- **Data section**:
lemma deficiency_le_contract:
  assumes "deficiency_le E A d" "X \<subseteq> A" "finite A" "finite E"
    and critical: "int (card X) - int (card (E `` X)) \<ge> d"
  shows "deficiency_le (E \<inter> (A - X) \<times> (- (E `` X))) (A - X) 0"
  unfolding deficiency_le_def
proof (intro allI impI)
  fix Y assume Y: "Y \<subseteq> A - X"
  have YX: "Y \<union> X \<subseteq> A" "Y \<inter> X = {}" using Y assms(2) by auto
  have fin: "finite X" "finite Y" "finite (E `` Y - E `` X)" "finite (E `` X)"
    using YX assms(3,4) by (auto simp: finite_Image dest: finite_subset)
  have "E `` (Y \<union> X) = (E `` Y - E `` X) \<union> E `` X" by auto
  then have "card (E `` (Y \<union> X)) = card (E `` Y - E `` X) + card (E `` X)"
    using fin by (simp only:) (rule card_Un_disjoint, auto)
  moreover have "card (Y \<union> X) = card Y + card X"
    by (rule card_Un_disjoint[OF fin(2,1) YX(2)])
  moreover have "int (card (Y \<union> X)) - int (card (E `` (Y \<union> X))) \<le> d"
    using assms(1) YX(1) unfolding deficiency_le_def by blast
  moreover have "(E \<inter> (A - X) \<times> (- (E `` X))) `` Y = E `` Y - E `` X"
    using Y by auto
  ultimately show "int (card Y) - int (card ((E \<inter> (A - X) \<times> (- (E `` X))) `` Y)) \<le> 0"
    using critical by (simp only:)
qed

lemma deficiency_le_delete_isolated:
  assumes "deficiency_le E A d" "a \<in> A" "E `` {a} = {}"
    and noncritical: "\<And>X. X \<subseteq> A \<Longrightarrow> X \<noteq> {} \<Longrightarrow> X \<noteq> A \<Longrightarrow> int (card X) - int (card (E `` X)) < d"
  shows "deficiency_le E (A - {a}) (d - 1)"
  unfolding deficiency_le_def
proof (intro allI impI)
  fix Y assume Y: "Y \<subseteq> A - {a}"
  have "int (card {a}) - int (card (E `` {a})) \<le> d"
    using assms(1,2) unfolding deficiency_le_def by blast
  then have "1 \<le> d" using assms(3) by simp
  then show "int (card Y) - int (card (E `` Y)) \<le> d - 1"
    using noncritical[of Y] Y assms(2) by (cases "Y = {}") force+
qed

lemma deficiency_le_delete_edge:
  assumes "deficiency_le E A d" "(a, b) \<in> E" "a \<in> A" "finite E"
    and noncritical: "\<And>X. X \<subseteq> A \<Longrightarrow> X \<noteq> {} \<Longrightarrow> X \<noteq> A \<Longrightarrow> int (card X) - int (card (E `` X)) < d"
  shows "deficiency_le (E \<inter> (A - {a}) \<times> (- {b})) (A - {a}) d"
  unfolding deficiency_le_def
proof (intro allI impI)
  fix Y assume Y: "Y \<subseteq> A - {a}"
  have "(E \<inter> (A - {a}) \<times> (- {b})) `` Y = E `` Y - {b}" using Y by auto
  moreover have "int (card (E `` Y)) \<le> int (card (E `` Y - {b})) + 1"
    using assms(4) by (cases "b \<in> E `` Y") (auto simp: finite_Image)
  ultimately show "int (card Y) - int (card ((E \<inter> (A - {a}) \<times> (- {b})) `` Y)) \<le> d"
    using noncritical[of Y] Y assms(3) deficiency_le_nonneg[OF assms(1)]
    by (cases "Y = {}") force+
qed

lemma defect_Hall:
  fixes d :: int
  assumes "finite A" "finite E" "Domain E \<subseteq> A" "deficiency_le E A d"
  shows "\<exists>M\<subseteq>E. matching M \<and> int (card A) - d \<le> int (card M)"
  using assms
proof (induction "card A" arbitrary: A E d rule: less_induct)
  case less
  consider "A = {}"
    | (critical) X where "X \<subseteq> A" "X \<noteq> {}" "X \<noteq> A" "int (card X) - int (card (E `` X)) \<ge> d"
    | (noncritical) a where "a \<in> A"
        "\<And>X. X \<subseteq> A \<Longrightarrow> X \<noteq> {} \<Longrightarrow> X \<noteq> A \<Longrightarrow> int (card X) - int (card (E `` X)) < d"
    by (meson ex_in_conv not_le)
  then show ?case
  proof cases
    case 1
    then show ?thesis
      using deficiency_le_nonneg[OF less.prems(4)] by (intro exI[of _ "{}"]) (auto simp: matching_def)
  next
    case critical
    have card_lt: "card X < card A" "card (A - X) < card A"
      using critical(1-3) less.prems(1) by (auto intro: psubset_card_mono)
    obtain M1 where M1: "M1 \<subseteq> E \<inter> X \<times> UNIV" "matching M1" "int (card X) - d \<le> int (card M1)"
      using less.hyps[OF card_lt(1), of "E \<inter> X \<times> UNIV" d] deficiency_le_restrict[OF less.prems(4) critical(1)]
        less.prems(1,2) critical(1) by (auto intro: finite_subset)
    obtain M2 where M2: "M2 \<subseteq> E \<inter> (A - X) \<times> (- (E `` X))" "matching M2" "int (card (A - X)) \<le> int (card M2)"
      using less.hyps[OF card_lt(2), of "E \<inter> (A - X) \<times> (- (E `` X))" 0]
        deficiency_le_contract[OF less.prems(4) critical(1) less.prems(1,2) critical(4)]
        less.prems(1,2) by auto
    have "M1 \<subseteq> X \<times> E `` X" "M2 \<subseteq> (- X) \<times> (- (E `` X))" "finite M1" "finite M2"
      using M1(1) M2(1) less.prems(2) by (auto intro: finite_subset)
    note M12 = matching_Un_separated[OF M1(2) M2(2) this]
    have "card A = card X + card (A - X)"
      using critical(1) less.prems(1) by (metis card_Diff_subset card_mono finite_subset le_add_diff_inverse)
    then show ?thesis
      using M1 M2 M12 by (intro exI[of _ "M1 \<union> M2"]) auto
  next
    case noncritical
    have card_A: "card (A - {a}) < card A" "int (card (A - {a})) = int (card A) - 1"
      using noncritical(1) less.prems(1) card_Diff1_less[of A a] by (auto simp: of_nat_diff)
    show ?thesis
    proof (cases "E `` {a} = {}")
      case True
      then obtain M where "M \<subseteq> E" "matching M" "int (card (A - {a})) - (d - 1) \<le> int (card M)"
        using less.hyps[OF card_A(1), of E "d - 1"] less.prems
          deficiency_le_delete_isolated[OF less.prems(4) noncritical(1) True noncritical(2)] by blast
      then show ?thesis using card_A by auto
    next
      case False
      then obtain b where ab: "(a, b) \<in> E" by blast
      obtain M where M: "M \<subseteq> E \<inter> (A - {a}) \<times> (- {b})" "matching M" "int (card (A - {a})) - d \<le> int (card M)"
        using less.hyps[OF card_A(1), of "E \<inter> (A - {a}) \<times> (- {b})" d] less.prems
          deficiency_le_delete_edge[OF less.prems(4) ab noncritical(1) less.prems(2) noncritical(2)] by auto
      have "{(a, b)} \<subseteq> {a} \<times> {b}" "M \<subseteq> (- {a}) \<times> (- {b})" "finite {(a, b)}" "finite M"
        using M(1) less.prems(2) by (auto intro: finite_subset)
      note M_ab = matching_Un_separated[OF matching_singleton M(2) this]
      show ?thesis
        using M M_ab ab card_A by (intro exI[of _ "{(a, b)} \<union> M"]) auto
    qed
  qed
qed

- **Work to be completed**: Every record above must be repeated word for word.

- **Task response**:
lemma deficiency_le_contract:
  assumes "deficiency_le E A d" "X \<subseteq> A" "finite A" "finite E"
    and critical: "int (card X) - int (card (E `` X)) \<ge> d"
  shows "deficiency_le (E \<inter> (A - X) \<times> (- (E `` X))) (A - X) 0"
  unfolding deficiency_le_def
proof (intro allI impI)
  fix Y assume Y: "Y \<subseteq> A - X"
  have YX: "Y \<union> X \<subseteq> A" "Y \<inter> X = {}" using Y assms(2) by auto
  have fin: "finite X" "finite Y" "finite (E `` Y - E `` X)" "finite (E `` X)"
    using YX assms(3,4) by (auto simp: finite_Image dest: finite_subset)
  have "E `` (Y \<union> X) = (E `` Y - E `` X) \<union> E `` X" by auto
  then have "card (E `` (Y \<union> X)) = card (E `` Y - E `` X) + card (E `` X)"
    using fin by (simp only:) (rule card_Un_disjoint, auto)
  moreover have "card (Y \<union> X) = card Y + card X"
    by (rule card_Un_disjoint[OF fin(2,1) YX(2)])
  moreover have "int (card (Y \<union> X)) - int (card (E `` (Y \<union> X))) \<le> d"
    using assms(1) YX(1) unfolding deficiency_le_def by blast
  moreover have "(E \<inter> (A - X) \<times> (- (E `` X))) `` Y = E `` Y - E `` X"
    using Y by auto
  ultimately show "int (card Y) - int (card ((E \<inter> (A - X) \<times> (- (E `` X))) `` Y)) \<le> 0"
    using critical by (simp only:)
qed

lemma deficiency_le_delete_isolated:
  assumes "deficiency_le E A d" "a \<in> A" "E `` {a} = {}"
    and noncritical: "\<And>X. X \<subseteq> A \<Longrightarrow> X \<noteq> {} \<Longrightarrow> X \<noteq> A \<Longrightarrow> int (card X) - int (card (E `` X)) < d"
  shows "deficiency_le E (A - {a}) (d - 1)"
  unfolding deficiency_le_def
proof (intro allI impI)
  fix Y assume Y: "Y \<subseteq> A - {a}"
  have "int (card {a}) - int (card (E `` {a})) \<le> d"
    using assms(1,2) unfolding deficiency_le_def by blast
  then have "1 \<le> d" using assms(3) by simp
  then show "int (card Y) - int (card (E `` Y)) \<le> d - 1"
    using noncritical[of Y] Y assms(2) by (cases "Y = {}") force+
qed

lemma deficiency_le_delete_edge:
  assumes "deficiency_le E A d" "(a, b) \<in> E" "a \<in> A" "finite E"
    and noncritical: "\<And>X. X \<subseteq> A \<Longrightarrow> X \<noteq> {} \<Longrightarrow> X \<noteq> A \<Longrightarrow> int (card X) - int (card (E `` X)) < d"
  shows "deficiency_le (E \<inter> (A - {a}) \<times> (- {b})) (A - {a}) d"
  unfolding deficiency_le_def
proof (intro allI impI)
  fix Y assume Y: "Y \<subseteq> A - {a}"
  have "(E \<inter> (A - {a}) \<times> (- {b})) `` Y = E `` Y - {b}" using Y by auto
  moreover have "int (card (E `` Y)) \<le> int (card (E `` Y - {b})) + 1"
    using assms(4) by (cases "b \<in> E `` Y") (auto simp: finite_Image)
  ultimately show "int (card Y) - int (card ((E \<inter> (A - {a}) \<times> (- {b})) `` Y)) \<le> d"
    using noncritical[of Y] Y assms(3) deficiency_le_nonneg[OF assms(1)]
    by (cases "Y = {}") force+
qed

lemma defect_Hall:
  fixes d :: int
  assumes "finite A" "finite E" "Domain E \<subseteq> A" "deficiency_le E A d"
  shows "\<exists>M\<subseteq>E. matching M \<and> int (card A) - d \<le> int (card M)"
  using assms
proof (induction "card A" arbitrary: A E d rule: less_induct)
  case less
  consider "A = {}"
    | (critical) X where "X \<subseteq> A" "X \<noteq> {}" "X \<noteq> A" "int (card X) - int (card (E `` X)) \<ge> d"
    | (noncritical) a where "a \<in> A"
        "\<And>X. X \<subseteq> A \<Longrightarrow> X \<noteq> {} \<Longrightarrow> X \<noteq> A \<Longrightarrow> int (card X) - int (card (E `` X)) < d"
    by (meson ex_in_conv not_le)
  then show ?case
  proof cases
    case 1
    then show ?thesis
      using deficiency_le_nonneg[OF less.prems(4)] by (intro exI[of _ "{}"]) (auto simp: matching_def)
  next
    case critical
    have card_lt: "card X < card A" "card (A - X) < card A"
      using critical(1-3) less.prems(1) by (auto intro: psubset_card_mono)
    obtain M1 where M1: "M1 \<subseteq> E \<inter> X \<times> UNIV" "matching M1" "int (card X) - d \<le> int (card M1)"
      using less.hyps[OF card_lt(1), of "E \<inter> X \<times> UNIV" d] deficiency_le_restrict[OF less.prems(4) critical(1)]
        less.prems(1,2) critical(1) by (auto intro: finite_subset)
    obtain M2 where M2: "M2 \<subseteq> E \<inter> (A - X) \<times> (- (E `` X))" "matching M2" "int (card (A - X)) \<le> int (card M2)"
      using less.hyps[OF card_lt(2), of "E \<inter> (A - X) \<times> (- (E `` X))" 0]
        deficiency_le_contract[OF less.prems(4) critical(1) less.prems(1,2) critical(4)]
        less.prems(1,2) by auto
    have "M1 \<subseteq> X \<times> E `` X" "M2 \<subseteq> (- X) \<times> (- (E `` X))" "finite M1" "finite M2"
      using M1(1) M2(1) less.prems(2) by (auto intro: finite_subset)
    note M12 = matching_Un_separated[OF M1(2) M2(2) this]
    have "card A = card X + card (A - X)"
      using critical(1) less.prems(1) by (metis card_Diff_subset card_mono finite_subset le_add_diff_inverse)
    then show ?thesis
      using M1 M2 M12 by (intro exI[of _ "M1 \<union> M2"]) auto
  next
    case noncritical
    have card_A: "card (A - {a}) < card A" "int (card (A - {a})) = int (card A) - 1"
      using noncritical(1) less.prems(1) card_Diff1_less[of A a] by (auto simp: of_nat_diff)
    show ?thesis
    proof (cases "E `` {a} = {}")
      case True
      then obtain M where "M \<subseteq> E" "matching M" "int (card (A - {a})) - (d - 1) \<le> int (card M)"
        using less.hyps[OF card_A(1), of E "d - 1"] less.prems
          deficiency_le_delete_isolated[OF less.prems(4) noncritical(1) True noncritical(2)] by blast
      then show ?thesis using card_A by auto
    next
      case False
      then obtain b where ab: "(a, b) \<in> E" by blast
      obtain M where M: "M \<subseteq> E \<inter> (A - {a}) \<times> (- {b})" "matching M" "int (card (A - {a})) - d \<le> int (card M)"
        using less.hyps[OF card_A(1), of "E \<inter> (A - {a}) \<times> (- {b})" d] less.prems
          deficiency_le_delete_edge[OF less.prems(4) ab noncritical(1) less.prems(2) noncritical(2)] by auto
      have "{(a, b)} \<subseteq> {a} \<times> {b}" "M \<subseteq> (- {a}) \<times> (- {b})" "finite {(a, b)}" "finite M"
        using M(1) less.prems(2) by (auto intro: finite_subset)
      note M_ab = matching_Un_separated[OF matching_singleton M(2) this]
      show ?thesis
        using M M_ab ab card_A by (intro exI[of _ "{(a, b)} \<union> M"]) auto
    qed
  qed
qed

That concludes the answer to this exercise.